▸ Task details
Copy word for word, please, the lines of the entries below running from the one containing "assms by (simp add: homog_def)" to the one containing "(\<Sum>i\<le>n. \<Sum>j\<le>n. \<Sum>k\<le>n. mu", both ends included.
--- Exercise data Enclosed Below ---
lemma spanned_evalF:
  fixes mon :: "'e::comm_monoid_add \<Rightarrow> 'x \<Rightarrow> complex"
  assumes "monomial_basis mon" "graded F" "homog n c"
    and coord: "\<And>r. monomial_basis.spanned mon (F 1) (\<lambda>x. X x $ r)"
  shows "monomial_basis.spanned mon (F n) (\<lambda>x. evalF n c (X x))"
proof -
  interpret monomial_basis mon by fact
  have power: "spanned (F i) (\<lambda>x. (X x $ r) ^ i)" for r i
    using spanned_power[OF assms(2) coord[of r], of i] by simp
  have summand: "spanned (F n) (\<lambda>x. c i j k * (X x $ 1) ^ i * (X x $ 2) ^ j * (X x $ 3) ^ k)"
    for i j k
  proof (cases "c i j k = 0")
    case False
    then have n: "n = i + j + k" using assms(3) by (simp add: homog_def)
    have "spanned (F i + F j + F k) (\<lambda>x. (X x $ 1) ^ i * (X x $ 2) ^ j * (X x $ 3) ^ k)"
      by (intro spanned_mult power)
    moreover have "F i + F j + F k \<subseteq> F n"
      using assms(2) unfolding graded_def n by (meson order_trans order_refl set_plus_mono2)
    ultimately have "spanned (F n) (\<lambda>x. (X x $ 1) ^ i * (X x $ 2) ^ j * (X x $ 3) ^ k)"
      by (rule spanned_mono)
    then show ?thesis
      using spanned_cmult[of "F n" _ "c i j k"] by (simp add: mult.assoc)
  qed (simp add: spanned_zero)
  show ?thesis
    unfolding evalF_def by (intro spanned_sum summand finite_atMost)
qed

lemma affine_chart_coord:
  "bivariate.spanned (degree_le 1) (\<lambda>p. (x + fst p *s e1 + snd p *s e2) $ r)"
  by (rule bivariate.spannedI[of "{(0, 0), (1, 0), (0, 1)}" _ _
        "\<lambda>p. if p = (0, 0) then x $ r else if p = (1, 0) then e1 $ r else e2 $ r"])
     (auto simp: degree_le_def mon2_def algebra_simps)

lemma blowup_chart_coord:
  "bivariate.spanned (blowup_degree_le 1) (\<lambda>p. (v + fst p *s q + (fst p * snd p) *s w) $ r)"
  by (rule bivariate.spannedI[of "{(0, 0), (1, 0), (1, 1)}" _ _
        "\<lambda>p. if p = (0, 0) then v $ r else if p = (1, 0) then q $ r else w $ r"])
     (auto simp: blowup_degree_le_def mon2_def algebra_simps)

lemma affine_linear_order_ge:
  "bivariate.spanned (order_ge (if al = 0 then 1 else 0)) (\<lambda>p. al + be * fst p + ga * snd p)"
  by (rule bivariate.spannedI[of "{(1, 0), (0, 1)} \<union> (if al = 0 then {} else {(0, 0)})" _ _
        "\<lambda>p. if p = (0, 0) then al else if p = (1, 0) then be else ga"])
     (auto simp: order_ge_def mon2_def algebra_simps)

lemma blowup_linear_order_ge:
  "bivariate.spanned (order_ge (if be = 0 then 2 else 1)) (\<lambda>p. be * fst p + ga * (fst p * snd p))"
  by (rule bivariate.spannedI[of "{(1, 1)} \<union> (if be = 0 then {} else {(1, 0)})" _ _
        "\<lambda>p. if p = (1, 0) then be else ga"])
     (auto simp: order_ge_def mon2_def algebra_simps)

lemma evalF_on_line_poly: "\<exists>p. \<forall>s. evalF n c (x + s *s u) = poly p s"
proof
  show "\<forall>s. evalF n c (x + s *s u) = poly (\<Sum>i\<le>n. \<Sum>j\<le>n. \<Sum>k\<le>n.
      smult (c i j k) ([:x$1, u$1:] ^ i * [:x$2, u$2:] ^ j * [:x$3, u$3:] ^ k)) s"
    unfolding evalF_def by (simp add: poly_sum algebra_simps)
qed

lemma evalF_eq_if_cofinitely_on_line:
  assumes "finite B" "\<And>s. s \<notin> B \<Longrightarrow> evalF n c (y + s *s u) = K"
  shows "evalF n c y = K"
proof -
  obtain p where p: "\<And>s. evalF n c (y + s *s u) = poly p s"
    using evalF_on_line_poly by blast
  have "p - [:K:] = 0"
  proof (rule ccontr)
    assume "p - [:K:] \<noteq> 0"
    then have "finite {s. poly (p - [:K:]) s = 0}" by (rule poly_roots_finite)
    moreover have "UNIV - B \<subseteq> {s. poly (p - [:K:]) s = 0}" using assms(2) p by auto
    moreover have "infinite (UNIV - B :: complex set)"
      using assms(1) by (simp add: Diff_infinite_finite infinite_UNIV_char_0)
    ultimately show False using finite_subset by blast
  qed
  then show ?thesis using p[of 0] by simp
qed

lemma evalF_scale:
  assumes "homog n c"
  shows "evalF n c (mu *s y) = mu ^ n * evalF n c y"
proof -
  have summand: "c i j k * (mu * y$1) ^ i * (mu * y$2) ^ j * (mu * y$3) ^ k
      = mu ^ n * (c i j k * (y$1) ^ i * (y$2) ^ j * (y$3) ^ k)" for i j k
  proof (cases "c i j k = 0")
    case False
    then have "n = i + j + k" using assms by (simp add: homog_def)
    then show ?thesis by (simp add: power_mult_distrib power_add algebra_simps)
  qed simp
  have "evalF n c (mu *s y)
      = (\<Sum>i\<le>n. \<Sum>j\<le>n. \<Sum>k\<le>n. mu ^ n * (c i j k * (y$1) ^ i * (y$2) ^ j * (y$3) ^ k))"
    unfolding evalF_def vector_smult_component summand ..
  also have "\<dots> = mu ^ n * evalF n c y"
    by (simp add: evalF_def sum_distrib_left)
  finally show ?thesis .
qed

lemma homog_coeffs_eq_0:
  assumes "homog n c" "\<And>y. evalF n c y = 0"
  shows "c i j k = 0"
proof -
  have "evalF n c (vector [x1, x2, x3]) =
     (\<Sum>i\<le>n. (\<Sum>j\<le>n. (\<Sum>k\<le>n. c i j k * x3 ^ k) * x2 ^ j) * x1 ^ i)" for x1 x2 x3
    unfolding evalF_def by (simp add: sum_distrib_left sum_distrib_right algebra_simps)
  then have "\<forall>i\<le>n. (\<Sum>j\<le>n. (\<Sum>k\<le>n. c i j k * x3 ^ k) * x2 ^ j) = 0" for x2 x3
    using assms(2) polyfun_eq_0[of "\<lambda>i. \<Sum>j\<le>n. (\<Sum>k\<le>n. c i j k * x3 ^ k) * x2 ^ j" n]
    by auto
  then have "\<forall>j\<le>n. (\<Sum>k\<le>n. c i j k * x3 ^ k) = 0" if "i \<le> n" for i x3
    using that polyfun_eq_0[of "\<lambda>j. \<Sum>k\<le>n. c i j k * x3 ^ k" n] by auto
  then have "c i j k = 0" if "i \<le> n" "j \<le> n" "k \<le> n"
    using that polyfun_eq_0[of "c i j" n] by auto
  then show ?thesis using assms(1) unfolding homog_def by fastforce
qed
(* Let $G=(V,E)$ be a finite connected simple graph with vertex-weight $m_0\colon V\to\mathbb{R}_{>0}$ and distance parameter $d\colon E\to\mathbb{R}_{>0}$; set $M=\sum_{u\in V}m_0(u)$, $D^2=\sum_{uv\in E}d(uv)^2$. Then $$\delta(G,m_0,d)\ \ge\ 1-\frac{D^2/M}{\sigma(G,m_0,d)}.$$ Equality holds if and only if there exist an edge-weight $m_1\colon E\to\mathbb{R}_{\ge0}$ (with $(V,\{uv: m_1(uv)>0\})$ connected and $\sum_{uv\in E}m_1(uv)d(uv)^2=D^2$) and a map $\varphi\colon V\to\mathbb{R}^{|V|}$ satisfying $\sum_{u\in V}m_0(u)\|\varphi(u)\|^2=M$ and $\|\varphi(u)-\varphi(v)\|\le d(uv)$ for all $uv\in E$, such that (i) $m_1(uv)\big(d(uv)^2-\|\varphi(u)-\varphi(v)\|^2\big)=0$ for all $uv\in E$, and (ii) $\Delta_{(m_0,m_1)}\varphi=\lambda_1(G,(m_0,m_1))(\varphi-\mathrm{bar}(\varphi))$ (componentwise).
   Context: Edges are unordered pairs; $v\sim u$ means $uv\in E$; $\|\cdot\|$ is the Euclidean norm. $\mathrm{bar}(\varphi)=\frac1M\sum_u m_0(u)\varphi(u)$. $\delta(G,m_0,d)=\inf\|\mathrm{bar}(\varphi)\|^2$ over all $\varphi\colon V\to\mathbb{R}^{|V|}$ with $\sum_u m_0(u)\|\varphi(u)\|^2=M$ and $\|\varphi(u)-\varphi(v)\|\le d(uv)$ for all $uv\in E$. For an edge-weight $m_1\colon E\to\mathbb{R}_{\ge0}$, $(\Delta_{(m_0,m_1)}f)(u)=\frac{1}{m_0(u)}\big[(\sum_{v\sim u}m_1(uv))f(u)-\sum_{v\sim u}m_1(uv)f(v)\big]$ for $f\colon V\to\mathbb{R}$, and (when $(V,\{uv:m_1(uv)>0\})$ is connected) $\lambda_1(G,(m_0,m_1))$ is its smallest positive eigenvalue, equivalently $\inf_f\frac{\sum_{uv}m_1(uv)(f(u)-f(v))^2}{\sum_u m_0(u)(f(u)-\bar f)^2}$ over nonconstant $f$, $\bar f=\frac1M\sum_u m_0(u)f(u)$. $\sigma(G,m_0,d)=\sup_{m_1}\lambda_1(G,(m_0,m_1))$ over all edge-weights $m_1$ with $(V,\{uv:m_1(uv)>0\})$ connected and $\sum_{uv\in E}m_1(uv)d(uv)^2=D^2$. *)

theory Defs
  imports "HOL-Analysis.Analysis"
begin

text \<open>Vertices are the elements of a finite type 'v (so V = UNIV and
  R^{|V|} is rendered as real^'v).  Edges are unordered pairs, i.e. two-element
  sets of vertices; edge functions (d, m1) have type 'v set => real.\<close>

definition simple_graph :: "'v set set \<Rightarrow> bool" where
  "simple_graph E \<longleftrightarrow> (\<forall>e\<in>E. card e = 2)"

definition edge_rel :: "'v set set \<Rightarrow> ('v \<times> 'v) set" where
  "edge_rel E = {(x, y). {x, y} \<in> E}"

definition graph_connected :: "'v set set \<Rightarrow> bool" where
  "graph_connected E \<longleftrightarrow> (\<forall>u v. (u, v) \<in> (edge_rel E)\<^sup>*)"

definition support_edges :: "'v set set \<Rightarrow> ('v set \<Rightarrow> real) \<Rightarrow> 'v set set" where
  "support_edges E m1 = {e \<in> E. m1 e > 0}"

definition total_mass :: "('v::finite \<Rightarrow> real) \<Rightarrow> real" where
  "total_mass m0 = (\<Sum>u\<in>UNIV. m0 u)"

definition Dsq :: "'v set set \<Rightarrow> ('v set \<Rightarrow> real) \<Rightarrow> real" where
  "Dsq E d = (\<Sum>e\<in>E. (d e)\<^sup>2)"

definition bar :: "('v::finite \<Rightarrow> real) \<Rightarrow> ('v \<Rightarrow> 'w::real_vector) \<Rightarrow> 'w" where
  "bar m0 \<phi> = (1 / total_mass m0) *\<^sub>R (\<Sum>u\<in>UNIV. m0 u *\<^sub>R \<phi> u)"

definition laplacian ::
  "'v set set \<Rightarrow> ('v \<Rightarrow> real) \<Rightarrow> ('v set \<Rightarrow> real) \<Rightarrow> ('v \<Rightarrow> 'w::real_vector) \<Rightarrow> 'v \<Rightarrow> 'w" where
  "laplacian E m0 m1 f u =
     (1 / m0 u) *\<^sub>R ((\<Sum>v\<in>{v. {u, v} \<in> E}. m1 {u, v}) *\<^sub>R f u
                       - (\<Sum>v\<in>{v. {u, v} \<in> E}. m1 {u, v} *\<^sub>R f v))"

definition lambda1 :: "'v set set \<Rightarrow> ('v \<Rightarrow> real) \<Rightarrow> ('v set \<Rightarrow> real) \<Rightarrow> real" where
  "lambda1 E m0 m1 = Inf {ev. ev > 0 \<and>
      (\<exists>f::'v \<Rightarrow> real. f \<noteq> (\<lambda>_. 0) \<and> laplacian E m0 m1 f = (\<lambda>u. ev * f u))}"

definition admissible_map ::
  "'v set set \<Rightarrow> ('v::finite \<Rightarrow> real) \<Rightarrow> ('v set \<Rightarrow> real) \<Rightarrow> ('v \<Rightarrow> real^'v) \<Rightarrow> bool" where
  "admissible_map E m0 d \<phi> \<longleftrightarrow>
     (\<Sum>u\<in>UNIV. m0 u * (norm (\<phi> u))\<^sup>2) = total_mass m0 \<and>
     (\<forall>u v. {u, v} \<in> E \<longrightarrow> norm (\<phi> u - \<phi> v) \<le> d {u, v})"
--- End of Enclosed Exercise data ---
▸ Response area
    then have "n = i + j + k" using assms by (simp add: homog_def)
    then show ?thesis by (simp add: power_mult_distrib power_add algebra_simps)
  qed simp
  have "evalF n c (mu *s y)
      = (\<Sum>i\<le>n. \<Sum>j\<le>n. \<Sum>k\<le>n. mu ^ n * (c i j k * (y$1) ^ i * (y$2) ^ j * (y$3) ^ k))"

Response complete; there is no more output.